2.4. Log-Based Message Brokers

In plain English: Traditional message brokers think of messages as transient—deliver them, then delete them. This is like reading a letter and throwing it away. Log-based brokers think differently: they're like keeping a diary where you can go back and reread entries anytime.

In technical terms: Log-based message brokers combine database-style durable storage with low-latency notifications. They use an append-only log on disk, similar to database write-ahead logs and replication logs.
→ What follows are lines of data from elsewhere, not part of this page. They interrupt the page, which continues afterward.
lemma sqrt_sum_inner_Basis_diff_le_norm:
  fixes z :: "'a::euclidean_space"
  shows "sqrt (\<Sum>i\<in>Basis - {b}. (z \<bullet> i)\<^sup>2) \<le> norm z"
proof -
  have "(\<Sum>i\<in>Basis - {b}. (z \<bullet> i)\<^sup>2) \<le> (\<Sum>i\<in>Basis. (z \<bullet> i)\<^sup>2)"
    by (intro sum_mono2) auto
  also have "\<dots> = z \<bullet> z"
    by (simp add: euclidean_inner[of z z] power2_eq_square)
  also have "\<dots> = (norm z)\<^sup>2"
    by (simp add: power2_norm_eq_inner)
  finally show ?thesis
    by (rule real_le_lsqrt[OF norm_ge_zero])
qed

lemma measure_slab_cball_le:
  fixes u x :: "'a::euclidean_space"
  assumes u: "norm u = 1" and "a \<le> a'" "R > 0"
  shows "measure lebesgue ({y. a \<le> u \<bullet> y \<and> u \<bullet> y \<le> a'} \<inter> cball x R)
           \<le> (a' - a) * unit_ball_vol (real (DIM('a) - 1)) * R ^ (DIM('a) - 1)"
proof -
  obtain b :: 'a where b: "b \<in> Basis"
    using nonempty_Basis by blast
  obtain f where f: "orthogonal_transformation f" "f u = b"
    using orthogonal_transformation_exists_euclidean[of u b] u b by auto
  define S where "S = {y. a - u \<bullet> x \<le> u \<bullet> y \<and> u \<bullet> y \<le> a' - u \<bullet> x} \<inter> cball 0 R"
  define Z where "Z = {z::'a. a - u \<bullet> x \<le> z \<bullet> b \<and> z \<bullet> b \<le> a' - u \<bullet> x \<and> sqrt (\<Sum>i\<in>Basis - {b}. (z \<bullet> i)\<^sup>2) \<le> R}"
  have S: "compact S"
    unfolding S_def by (intro closed_Int_compact closed_Collect_conj closed_Collect_le continuous_intros compact_cball)
  have translate: "{y. a \<le> u \<bullet> y \<and> u \<bullet> y \<le> a'} \<inter> cball x R = (+) x ` S"
  proof (intro set_eqI iffI)
    fix y assume "y \<in> {y. a \<le> u \<bullet> y \<and> u \<bullet> y \<le> a'} \<inter> cball x R"
    then have "y - x \<in> S"
      by (auto simp: S_def inner_diff_right dist_norm norm_minus_commute)
    then show "y \<in> (+) x ` S"
      by (rule rev_image_eqI) simp
  qed (auto simp: S_def inner_add_right dist_norm)
  have "f ` S \<subseteq> Z"
  proof
    fix z assume "z \<in> f ` S"
    then obtain y where y: "y \<in> S" "z = f y" by blast
    have "z \<bullet> b = u \<bullet> y"
      using f y(2) by (metis inner_commute orthogonal_transformation_def)
    moreover have "norm z = norm y"
      using f y(2) by (simp add: orthogonal_transformation_norm)
    ultimately show "z \<in> Z"
      using y(1) sqrt_sum_inner_Basis_diff_le_norm[of z b] by (auto simp: S_def Z_def)
  qed
  moreover have "emeasure lborel Z = ennreal ((a' - a) * unit_ball_vol (real (DIM('a) - 1)) * R ^ (DIM('a) - 1))"
    unfolding Z_def using emeasure_cylinder[OF b _ \<open>R > 0\<close>, of "a - u \<bullet> x" "a' - u \<bullet> x"] assms by simp
  moreover have "Z \<in> sets borel"
    unfolding Z_def by measurable
  moreover have "compact (f ` S)"
    using S f by (intro compact_linear_image orthogonal_transformation_linear)
  ultimately have "measure lebesgue (f ` S) \<le> (a' - a) * unit_ball_vol (real (DIM('a) - 1)) * R ^ (DIM('a) - 1)"
    using assms measure_mono_fmeasurable[of "f ` S" Z lebesgue]
    by (simp add: fmeasurable_def borel_compact measure_def)
  then show ?thesis
    by (simp add: translate measure_translation measure_orthogonal_image_euclidean[OF f(1) S])
qed

section \<open>Support function and largest inscribed balls\<close>

definition support_function :: "'a::euclidean_space set \<Rightarrow> 'a \<Rightarrow> real" where
  "support_function C u = (SUP y\<in>C. u \<bullet> y)"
Log-Based Message Broker Architecture

Topic (sharded across partitions)

↓

Partition 0

[0] Event A

[1] Event B

[2] Event C

[3] Event D

Partition 1

[0] Event E

[1] Event F

[2] Event G

[3] Event H

Partition 2

[0] Event I

[1] Event J

[2] Event K

[3] Event L

How it works:

Producer sends message: Append to end of log (fast, sequential write)
Consumer reads messages: Read log sequentially from current offset
Consumer reaches end: Wait for notification of new messages
Scale throughput: Shard log across multiple machines (partitions)

Within each partition, the broker assigns a monotonically increasing offset (sequence number) to every message. Partitions are totally ordered, but no ordering guarantee across different partitions.

Systems: Apache Kafka, Amazon Kinesis, Google Cloud Pub/Sub, Apache Pulsar

💡 Insight

Log-based brokers achieve millions of messages per second by combining two key properties: (1) sequential disk I/O is extremely fast—comparable to network bandwidth, and (2) sharding across machines multiplies capacity. This makes them suitable for both messaging and durable storage.

Logs Compared to Traditional Messaging

Fan-out: Trivially supported—multiple consumers independently read the log without affecting each other.

Load balancing: Instead of assigning individual messages, assign entire partitions to consumers in a group. Each consumer reads all messages in its assigned partitions sequentially.

Load Balancing in Log-Based Systems

Partition 0

↓

Consumer 1

Partition 1

↓

Consumer 1

Partition 2

↓

Consumer 2

Partition 3

↓

Consumer 2

Trade-offs:

Downsides:

Maximum parallelism limited by number of partitions
Slow message blocks all subsequent messages in partition (head-of-line blocking)

Best fit:

High message throughput
Fast per-message processing
Message ordering is important
All messages for a key should go to same partition (e.g., all events for user_id=123)

Consumer Offsets

Consuming a partition sequentially simplifies tracking: all messages with offset less than consumer's current offset are processed, greater offsets are not yet seen.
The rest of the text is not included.